--- Dataset records ---

lemma exists_scalar_param:
  fixes m :: nat and c \<eta> :: real
  assumes m: "0 < m" and c: "0 < c"
    and gap: "(1 - exp 1 / (real m * c ^ m)) * exp (- (real (m + 1) / real m)) < \<eta>"
  obtains \<tau> where "0 < \<tau>" "real m * \<tau> < 1"
    "(1 - \<tau> * exp (real m * \<tau>) / c ^ m) * exp (- (real (m + 1) * \<tau>)) < \<eta>"
proof -
  define \<phi> where "\<phi> t = (1 - t * exp (real m * t) / c ^ m) * exp (- (real (m + 1) * t))" for t
  have "\<phi> (1 / real m) = (1 - exp 1 / (real m * c ^ m)) * exp (- (real (m + 1) / real m))"
    unfolding \<phi>_def using m by simp
  moreover have "(\<phi> \<longlongrightarrow> \<phi> (1 / real m)) (at_left (1 / real m))"
    unfolding \<phi>_def using c by (intro tendsto_intros) auto
  ultimately have "\<forall>\<^sub>F t in at_left (1 / real m). \<phi> t < \<eta> \<and> t \<in> {0<..<1 / real m}"
    using gap m by (intro eventually_conj order_tendstoD(2) eventually_at_left_real) auto
  then obtain \<tau> where \<tau>: "\<phi> \<tau> < \<eta>" "0 < \<tau>" "\<tau> < 1 / real m"
    using eventually_happens[of _ "at_left (1 / real m)"] trivial_limit_at_left_real by fastforce
  moreover have "real m * \<tau> < 1" using \<tau>(3) m by (simp add: field_simps)
  ultimately show thesis using that unfolding \<phi>_def by blast
qed
(* Let $0<\alpha\le 2$, $j\in\mathbb{R}\setminus\{0\}$ and $V\in C^2(\mathbb{T})$. Let $$G(x)=p_0+\sum_{k=1}^{n}p_k\cos(2\pi kx)+\sum_{k=1}^{n}q_k\sin(2\pi kx)$$ for some $n\in\mathbb{N}$ and real $p_0,\dots,p_n,q_1,\dots,q_n$ with $p_k^2+q_k^2>0$ for $1\le k\le n$. Assume $G$ satisfies the monotonicity condition (M) and the positivity condition (W). Then problem (P) has a unique solution $(m,\overline{H})$. Moreover, $$m(x)=\frac{c_j}{\left(a_0^*+\sum_{k=1}^{n}a_k^*\cos(2\pi kx)+b_k^*\sin(2\pi kx)-V(x)\right)^{1/\alpha}},\qquad \overline{H}=a_0^*-p_0,$$ where $(a_0^*,\dots,a_n^*,b_1^*,\dots,b_n^* )\in\mathcal{C}$ is the unique solution in $\mathcal{C}$ of the system $$\frac{\partial\Phi_\alpha}{\partial a_0}=1,\quad \frac{\partial\Phi_\alpha}{\partial a_k}=\frac{p_k a_k+q_k b_k}{p_k^2+q_k^2},\quad \frac{\partial\Phi_\alpha}{\partial b_k}=\frac{p_k b_k-q_k a_k}{p_k^2+q_k^2},\quad 1\le k\le n. \tag{S}$$
   Context: $\mathbb{T}=\mathbb{R}/\mathbb{Z}$ (functions on $\mathbb{T}$ are 1-periodic functions on $\mathbb{R}$). Problem (P): given $0<\alpha\le2$, $j\ne0$, $V,G\in C^2(\mathbb{T})$, find $(m,\overline{H})\in C(\mathbb{T})\times\mathbb{R}$ with $m>0$ on $\mathbb{T}$, $\int_{\mathbb{T}}m=1$, and $\frac{j^2}{2m(x)^\alpha}+V(x)=\int_{\mathbb{T}}G(x-y)m(y)\,dy+\overline{H}$ for all $x\in\mathbb{T}$. Condition (M): $\int_{\mathbb{T}^2}G(x-y)f(x)f(y)\,dx\,dy\ge0$ for all $f\in C(\mathbb{T})$. Condition (W): $\int_{\mathbb{T}}G(y)\,dy>0$. Set $c_j=(j^2/2)^{1/\alpha}$ and let $\phi_\alpha:(0,\infty)\to\mathbb{R}$ be $\phi_\alpha(t)=\frac{c_j\alpha}{\alpha-1}t^{(\alpha-1)/\alpha}$ if $\alpha\ne1$ and $\phi_\alpha(t)=c_j\ln t$ if $\alpha=1$ (so $\phi_\alpha'(t)=c_j t^{-1/\alpha}$). $\mathcal{C}\subset\mathbb{R}^{2n+1}$ is the set of $(a_0,\dots,a_n,b_1,\dots,b_n)$ with $a_0+\sum_{k=1}^n(a_k\cos(2\pi kx)+b_k\sin(2\pi kx))-V(x)>0$ for all $x\in\mathbb{T}$, and for such points $\Phi_\alpha(a_0,\dots,a_n,b_1,\dots,b_n)=\int_{\mathbb{T}}\phi_\alpha\big(a_0+\sum_{k=1}^n(a_k\cos(2\pi ky)+b_k\sin(2\pi ky))-V(y)\big)\,dy$. *)

theory Defs
  imports "HOL-Analysis.Analysis"
begin
(* Let $A\in\mathbb{C}^{n\times n}$ with $k=\mathrm{Ind}(A)$, and let $m\in\mathbb{N}=\{1,2,\dots\}$. Then: (a) $A^{\#_m}=0$ if and only if $A^k=0$; (b) $A^{\#_m}=A$ if and only if $A$ is an EP tripotent matrix; (c) $A^{\#_m}=A^*$ if and only if $A$ is an EP partial isometry; (d) $A^{\#_m}=P_A$ if and only if $A$ is idempotent.
   Context: For $A\in\mathbb{C}^{n\times n}$: $A^*$ conjugate transpose, $A^\dagger$ Moore–Penrose inverse, $P_A=AA^\dagger$, $\mathcal{R}(\cdot)$ column space, $A^0=I_n$. $A$ is EP if $\mathcal{R}(A)=\mathcal{R}(A^* )$; tripotent if $A^3=A$; a partial isometry if $AA^*A=A$. The index $\mathrm{Ind}(A)$ is the smallest nonnegative integer $k$ with $\mathcal{R}(A^k)=\mathcal{R}(A^{k+1})$. The core-EP inverse $A^{\mathrm{cEP}}$ is the unique $X$ with $XAX=X$ and $\mathcal{R}(X)=\mathcal{R}(X^* )=\mathcal{R}(A^k)$. For $m\in\mathbb{N}$, the $m$-weak group inverse is $A^{\mathrm{WG}_m}:=(A^{\mathrm{cEP}})^{m+1}A^m$ and the $m$-weak core inverse is $A^{\#_m}:=A^{\mathrm{WG}_m}P_{A^m}$. *)

theory Defs
  imports "HOL-Analysis.Analysis"
begin

definition cadj :: "complex^'n^'m \<Rightarrow> complex^'m^'n" where
  "cadj A = (\<chi> i j. cnj (A $ j $ i))"

primrec mpow :: "complex^'n^'n \<Rightarrow> nat \<Rightarrow> complex^'n^'n" where
  "mpow A 0 = mat 1"
| "mpow A (Suc k) = A ** mpow A k"

definition colsp :: "complex^'n^'m \<Rightarrow> (complex^'m) set" where
  "colsp A = range (\<lambda>x. A *v x)"

definition is_MP_inverse :: "complex^'n^'m \<Rightarrow> complex^'m^'n \<Rightarrow> bool" where
  "is_MP_inverse A X \<longleftrightarrow> A ** X ** A = A \<and> X ** A ** X = X
     \<and> cadj (A ** X) = A ** X \<and> cadj (X ** A) = X ** A"

definition MP :: "complex^'n^'m \<Rightarrow> complex^'m^'n" where
  "MP A = (THE X. is_MP_inverse A X)"

definition projA :: "complex^'n^'n \<Rightarrow> complex^'n^'n" where
  "projA A = A ** MP A"

definition ind :: "complex^'n^'n \<Rightarrow> nat" where
  "ind A = (LEAST k. colsp (mpow A k) = colsp (mpow A (Suc k)))"

definition coreEP :: "complex^'n^'n \<Rightarrow> complex^'n^'n" where
  "coreEP A = (THE X. X ** A ** X = X \<and> colsp X = colsp (cadj X)
                     \<and> colsp X = colsp (mpow A (ind A)))"

definition WG :: "nat \<Rightarrow> complex^'n^'n \<Rightarrow> complex^'n^'n" where
  "WG m A = mpow (coreEP A) (m + 1) ** mpow A m"

definition wcore :: "nat \<Rightarrow> complex^'n^'n \<Rightarrow> complex^'n^'n" where
  "wcore m A = WG m A ** projA (mpow A m)"

definition is_EP :: "complex^'n^'n \<Rightarrow> bool" where
  "is_EP A \<longleftrightarrow> colsp A = colsp (cadj A)"

definition tripotent :: "complex^'n^'n \<Rightarrow> bool" where
  "tripotent A \<longleftrightarrow> A ** A ** A = A"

--- Exercise prompt ---
Each line above that has the word "projA" must be copied.

--- Completed task ---
definition projA :: "complex^'n^'n \<Rightarrow> complex^'n^'n" where
  "projA A = A ** MP A"
  "wcore m A = WG m A ** projA (mpow A m)"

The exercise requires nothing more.